### Exercise instructions
Which lines in the records below hold the word "fixes"? Copy each of them.
=-=-=
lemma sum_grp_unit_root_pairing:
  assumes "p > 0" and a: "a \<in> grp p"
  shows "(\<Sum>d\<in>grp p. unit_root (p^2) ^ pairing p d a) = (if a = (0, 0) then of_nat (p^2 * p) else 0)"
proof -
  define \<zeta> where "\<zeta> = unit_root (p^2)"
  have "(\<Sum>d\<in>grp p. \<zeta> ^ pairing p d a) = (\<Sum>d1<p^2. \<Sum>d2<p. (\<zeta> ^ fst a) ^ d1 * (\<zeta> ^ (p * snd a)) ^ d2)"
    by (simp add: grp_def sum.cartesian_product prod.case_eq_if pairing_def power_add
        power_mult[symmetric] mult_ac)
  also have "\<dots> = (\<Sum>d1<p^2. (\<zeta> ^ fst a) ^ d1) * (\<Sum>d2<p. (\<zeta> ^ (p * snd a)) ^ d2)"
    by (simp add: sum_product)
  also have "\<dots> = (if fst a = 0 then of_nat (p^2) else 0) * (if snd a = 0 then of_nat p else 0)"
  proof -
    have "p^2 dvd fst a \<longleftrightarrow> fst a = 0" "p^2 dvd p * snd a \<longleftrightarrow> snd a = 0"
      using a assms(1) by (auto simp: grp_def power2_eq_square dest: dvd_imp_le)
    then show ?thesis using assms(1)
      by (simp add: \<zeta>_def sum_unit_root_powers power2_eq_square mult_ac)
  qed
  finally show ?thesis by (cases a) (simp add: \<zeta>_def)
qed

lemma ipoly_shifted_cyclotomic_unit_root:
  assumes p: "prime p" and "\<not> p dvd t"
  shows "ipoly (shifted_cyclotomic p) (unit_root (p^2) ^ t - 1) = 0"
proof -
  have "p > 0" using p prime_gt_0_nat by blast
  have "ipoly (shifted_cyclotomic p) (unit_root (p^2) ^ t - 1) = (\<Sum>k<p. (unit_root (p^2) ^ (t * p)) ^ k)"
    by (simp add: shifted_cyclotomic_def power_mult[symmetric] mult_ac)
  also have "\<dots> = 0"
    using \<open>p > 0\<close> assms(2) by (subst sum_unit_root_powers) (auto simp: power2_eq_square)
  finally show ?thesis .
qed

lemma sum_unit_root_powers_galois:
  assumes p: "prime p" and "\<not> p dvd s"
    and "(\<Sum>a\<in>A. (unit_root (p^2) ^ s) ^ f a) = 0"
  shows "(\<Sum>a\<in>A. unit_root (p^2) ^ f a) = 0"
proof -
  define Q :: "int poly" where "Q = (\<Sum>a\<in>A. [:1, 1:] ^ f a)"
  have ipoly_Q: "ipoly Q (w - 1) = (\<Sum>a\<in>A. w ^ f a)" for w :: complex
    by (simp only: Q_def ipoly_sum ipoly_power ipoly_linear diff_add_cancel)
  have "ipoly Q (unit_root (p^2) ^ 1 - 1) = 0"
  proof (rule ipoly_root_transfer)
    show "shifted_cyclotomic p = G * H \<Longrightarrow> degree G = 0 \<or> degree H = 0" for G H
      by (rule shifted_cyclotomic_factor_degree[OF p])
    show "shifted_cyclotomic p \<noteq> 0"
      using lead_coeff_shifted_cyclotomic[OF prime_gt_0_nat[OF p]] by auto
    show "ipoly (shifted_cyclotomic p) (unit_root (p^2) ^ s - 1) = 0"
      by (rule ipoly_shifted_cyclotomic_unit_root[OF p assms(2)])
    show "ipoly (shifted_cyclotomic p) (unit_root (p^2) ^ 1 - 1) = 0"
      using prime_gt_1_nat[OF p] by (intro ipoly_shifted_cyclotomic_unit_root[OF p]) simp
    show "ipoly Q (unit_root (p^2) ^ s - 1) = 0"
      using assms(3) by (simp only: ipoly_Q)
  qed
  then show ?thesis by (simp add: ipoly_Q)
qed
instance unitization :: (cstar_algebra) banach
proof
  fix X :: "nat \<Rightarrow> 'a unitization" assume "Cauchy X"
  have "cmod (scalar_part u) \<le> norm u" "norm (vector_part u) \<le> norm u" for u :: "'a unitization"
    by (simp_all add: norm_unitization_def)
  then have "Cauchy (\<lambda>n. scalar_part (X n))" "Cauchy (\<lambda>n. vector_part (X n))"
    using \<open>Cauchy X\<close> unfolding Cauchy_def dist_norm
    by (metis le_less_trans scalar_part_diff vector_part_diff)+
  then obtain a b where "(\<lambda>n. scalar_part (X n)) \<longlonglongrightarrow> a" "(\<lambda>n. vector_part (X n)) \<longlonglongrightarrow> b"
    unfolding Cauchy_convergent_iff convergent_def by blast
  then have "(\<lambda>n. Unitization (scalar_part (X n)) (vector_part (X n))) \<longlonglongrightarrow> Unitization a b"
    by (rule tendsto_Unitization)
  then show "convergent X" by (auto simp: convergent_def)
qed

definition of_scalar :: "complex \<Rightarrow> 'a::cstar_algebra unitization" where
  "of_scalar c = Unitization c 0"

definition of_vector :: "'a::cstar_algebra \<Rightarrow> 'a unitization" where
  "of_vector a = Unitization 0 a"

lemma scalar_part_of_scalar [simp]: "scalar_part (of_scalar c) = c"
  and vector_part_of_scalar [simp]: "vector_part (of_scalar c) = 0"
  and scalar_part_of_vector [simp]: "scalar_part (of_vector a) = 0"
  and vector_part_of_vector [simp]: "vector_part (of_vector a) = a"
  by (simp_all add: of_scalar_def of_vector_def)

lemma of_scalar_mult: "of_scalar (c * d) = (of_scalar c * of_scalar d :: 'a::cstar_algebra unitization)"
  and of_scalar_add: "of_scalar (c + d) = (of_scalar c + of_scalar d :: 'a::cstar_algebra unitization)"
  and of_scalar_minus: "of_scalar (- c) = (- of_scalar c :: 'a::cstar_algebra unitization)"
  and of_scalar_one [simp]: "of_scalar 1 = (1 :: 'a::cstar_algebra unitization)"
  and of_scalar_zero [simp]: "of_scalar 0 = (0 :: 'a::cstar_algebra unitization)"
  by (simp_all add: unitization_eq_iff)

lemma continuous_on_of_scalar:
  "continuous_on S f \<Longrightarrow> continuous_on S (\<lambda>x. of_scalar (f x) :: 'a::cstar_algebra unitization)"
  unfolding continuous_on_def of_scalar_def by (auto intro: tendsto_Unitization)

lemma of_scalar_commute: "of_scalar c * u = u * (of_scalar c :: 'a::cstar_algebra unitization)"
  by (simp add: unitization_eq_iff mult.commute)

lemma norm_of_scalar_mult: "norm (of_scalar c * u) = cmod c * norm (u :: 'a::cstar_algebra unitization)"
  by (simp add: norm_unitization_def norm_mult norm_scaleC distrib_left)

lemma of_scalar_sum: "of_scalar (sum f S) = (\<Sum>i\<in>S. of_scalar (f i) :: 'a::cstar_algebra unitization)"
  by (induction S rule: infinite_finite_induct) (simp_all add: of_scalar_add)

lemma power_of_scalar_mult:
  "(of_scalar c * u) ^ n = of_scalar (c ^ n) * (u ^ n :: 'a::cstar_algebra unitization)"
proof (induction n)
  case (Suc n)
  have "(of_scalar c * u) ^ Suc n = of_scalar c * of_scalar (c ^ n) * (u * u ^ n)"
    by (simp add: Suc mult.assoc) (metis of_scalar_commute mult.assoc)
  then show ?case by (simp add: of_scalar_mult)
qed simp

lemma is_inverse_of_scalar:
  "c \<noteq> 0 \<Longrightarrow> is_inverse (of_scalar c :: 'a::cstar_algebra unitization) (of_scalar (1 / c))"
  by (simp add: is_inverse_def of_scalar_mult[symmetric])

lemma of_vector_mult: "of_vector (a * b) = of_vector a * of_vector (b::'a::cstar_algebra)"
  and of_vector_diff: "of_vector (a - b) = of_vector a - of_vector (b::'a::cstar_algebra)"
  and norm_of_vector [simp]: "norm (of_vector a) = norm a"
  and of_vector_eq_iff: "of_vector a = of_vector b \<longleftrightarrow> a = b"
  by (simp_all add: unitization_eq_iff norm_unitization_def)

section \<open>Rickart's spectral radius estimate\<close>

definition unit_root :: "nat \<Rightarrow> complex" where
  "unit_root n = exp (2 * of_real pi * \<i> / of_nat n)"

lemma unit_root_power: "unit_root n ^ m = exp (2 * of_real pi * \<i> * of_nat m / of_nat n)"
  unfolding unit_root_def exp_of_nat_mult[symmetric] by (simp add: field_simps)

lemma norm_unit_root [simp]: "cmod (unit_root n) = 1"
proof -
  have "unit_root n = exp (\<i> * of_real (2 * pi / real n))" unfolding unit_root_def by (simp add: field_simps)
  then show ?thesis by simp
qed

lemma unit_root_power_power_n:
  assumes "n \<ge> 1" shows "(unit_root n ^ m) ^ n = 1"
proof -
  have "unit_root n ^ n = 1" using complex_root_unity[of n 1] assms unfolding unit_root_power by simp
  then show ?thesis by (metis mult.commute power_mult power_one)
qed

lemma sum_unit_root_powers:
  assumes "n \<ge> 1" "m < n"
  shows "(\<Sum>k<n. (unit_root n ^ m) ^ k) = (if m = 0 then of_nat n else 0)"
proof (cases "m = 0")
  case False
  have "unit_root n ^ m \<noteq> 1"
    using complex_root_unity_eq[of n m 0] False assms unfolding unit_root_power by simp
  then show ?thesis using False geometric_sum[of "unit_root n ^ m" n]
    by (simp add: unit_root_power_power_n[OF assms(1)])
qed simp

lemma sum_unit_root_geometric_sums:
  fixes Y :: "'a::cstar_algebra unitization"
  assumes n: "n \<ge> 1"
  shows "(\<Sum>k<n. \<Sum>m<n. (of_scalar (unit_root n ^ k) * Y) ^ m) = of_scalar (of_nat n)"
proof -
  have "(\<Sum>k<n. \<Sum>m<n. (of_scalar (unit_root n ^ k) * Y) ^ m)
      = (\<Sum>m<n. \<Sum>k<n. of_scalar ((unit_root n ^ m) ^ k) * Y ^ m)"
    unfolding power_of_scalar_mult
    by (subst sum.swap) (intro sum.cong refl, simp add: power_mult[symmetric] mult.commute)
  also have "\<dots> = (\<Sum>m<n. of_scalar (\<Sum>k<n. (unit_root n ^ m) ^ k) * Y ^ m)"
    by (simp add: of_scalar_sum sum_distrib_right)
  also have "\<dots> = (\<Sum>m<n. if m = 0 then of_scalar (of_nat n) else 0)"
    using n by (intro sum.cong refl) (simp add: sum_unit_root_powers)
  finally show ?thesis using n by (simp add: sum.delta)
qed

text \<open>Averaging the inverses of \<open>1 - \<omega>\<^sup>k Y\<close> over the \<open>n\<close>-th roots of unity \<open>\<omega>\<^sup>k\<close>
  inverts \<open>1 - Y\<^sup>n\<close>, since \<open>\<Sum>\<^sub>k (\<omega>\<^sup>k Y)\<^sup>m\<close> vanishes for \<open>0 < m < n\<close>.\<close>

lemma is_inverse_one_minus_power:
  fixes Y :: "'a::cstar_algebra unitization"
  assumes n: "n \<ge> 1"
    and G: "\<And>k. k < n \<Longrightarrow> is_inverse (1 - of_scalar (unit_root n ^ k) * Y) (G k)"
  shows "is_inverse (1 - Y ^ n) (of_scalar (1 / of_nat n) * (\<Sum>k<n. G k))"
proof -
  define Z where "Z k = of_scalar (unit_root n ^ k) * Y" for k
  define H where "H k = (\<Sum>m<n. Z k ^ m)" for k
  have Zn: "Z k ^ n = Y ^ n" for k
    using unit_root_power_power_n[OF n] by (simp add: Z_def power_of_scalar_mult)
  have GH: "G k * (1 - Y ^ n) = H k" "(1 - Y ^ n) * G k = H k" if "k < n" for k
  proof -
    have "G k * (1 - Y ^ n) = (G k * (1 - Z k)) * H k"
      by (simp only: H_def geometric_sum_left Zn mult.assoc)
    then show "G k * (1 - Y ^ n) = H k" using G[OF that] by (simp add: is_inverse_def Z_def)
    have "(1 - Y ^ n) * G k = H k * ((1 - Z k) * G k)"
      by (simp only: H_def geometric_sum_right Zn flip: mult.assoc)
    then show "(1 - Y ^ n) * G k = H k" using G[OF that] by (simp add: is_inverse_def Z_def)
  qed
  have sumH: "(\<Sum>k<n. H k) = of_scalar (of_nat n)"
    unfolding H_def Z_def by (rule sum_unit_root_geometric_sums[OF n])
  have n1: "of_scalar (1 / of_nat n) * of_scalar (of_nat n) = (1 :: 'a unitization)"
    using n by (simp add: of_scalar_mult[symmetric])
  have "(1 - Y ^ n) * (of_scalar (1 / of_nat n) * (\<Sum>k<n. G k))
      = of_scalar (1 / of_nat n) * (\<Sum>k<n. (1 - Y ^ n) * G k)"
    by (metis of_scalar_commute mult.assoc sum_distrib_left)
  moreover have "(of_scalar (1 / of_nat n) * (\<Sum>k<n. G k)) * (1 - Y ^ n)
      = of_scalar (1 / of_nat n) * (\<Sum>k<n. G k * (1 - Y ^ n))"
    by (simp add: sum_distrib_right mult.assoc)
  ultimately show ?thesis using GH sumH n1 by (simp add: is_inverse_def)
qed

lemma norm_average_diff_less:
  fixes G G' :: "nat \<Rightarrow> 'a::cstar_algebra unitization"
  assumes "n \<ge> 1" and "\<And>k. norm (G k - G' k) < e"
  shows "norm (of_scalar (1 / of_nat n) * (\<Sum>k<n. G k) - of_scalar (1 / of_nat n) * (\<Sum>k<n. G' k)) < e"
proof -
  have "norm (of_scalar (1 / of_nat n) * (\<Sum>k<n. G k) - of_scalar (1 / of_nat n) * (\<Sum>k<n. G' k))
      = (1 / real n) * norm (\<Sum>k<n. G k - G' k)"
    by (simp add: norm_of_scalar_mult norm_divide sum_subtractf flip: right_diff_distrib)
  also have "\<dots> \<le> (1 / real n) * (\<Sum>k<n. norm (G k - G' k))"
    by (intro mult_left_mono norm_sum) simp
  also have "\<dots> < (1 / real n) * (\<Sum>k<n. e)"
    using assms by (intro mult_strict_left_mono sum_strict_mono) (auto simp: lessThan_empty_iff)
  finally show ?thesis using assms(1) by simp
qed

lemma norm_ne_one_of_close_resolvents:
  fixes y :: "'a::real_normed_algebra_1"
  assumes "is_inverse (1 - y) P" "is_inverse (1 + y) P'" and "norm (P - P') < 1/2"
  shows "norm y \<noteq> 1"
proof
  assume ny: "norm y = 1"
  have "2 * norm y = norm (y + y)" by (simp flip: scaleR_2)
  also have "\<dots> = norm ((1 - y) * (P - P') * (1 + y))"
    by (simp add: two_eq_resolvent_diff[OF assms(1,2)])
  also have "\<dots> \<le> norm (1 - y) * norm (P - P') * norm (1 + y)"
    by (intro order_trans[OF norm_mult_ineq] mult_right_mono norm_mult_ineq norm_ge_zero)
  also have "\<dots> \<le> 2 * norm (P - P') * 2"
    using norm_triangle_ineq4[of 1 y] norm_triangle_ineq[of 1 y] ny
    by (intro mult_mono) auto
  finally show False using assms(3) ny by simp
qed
=-=-=
### Answer section
  fixes Y :: "'a::cstar_algebra unitization"
  fixes Y :: "'a::cstar_algebra unitization"
  fixes G G' :: "nat \<Rightarrow> 'a::cstar_algebra unitization"
  fixes y :: "'a::real_normed_algebra_1"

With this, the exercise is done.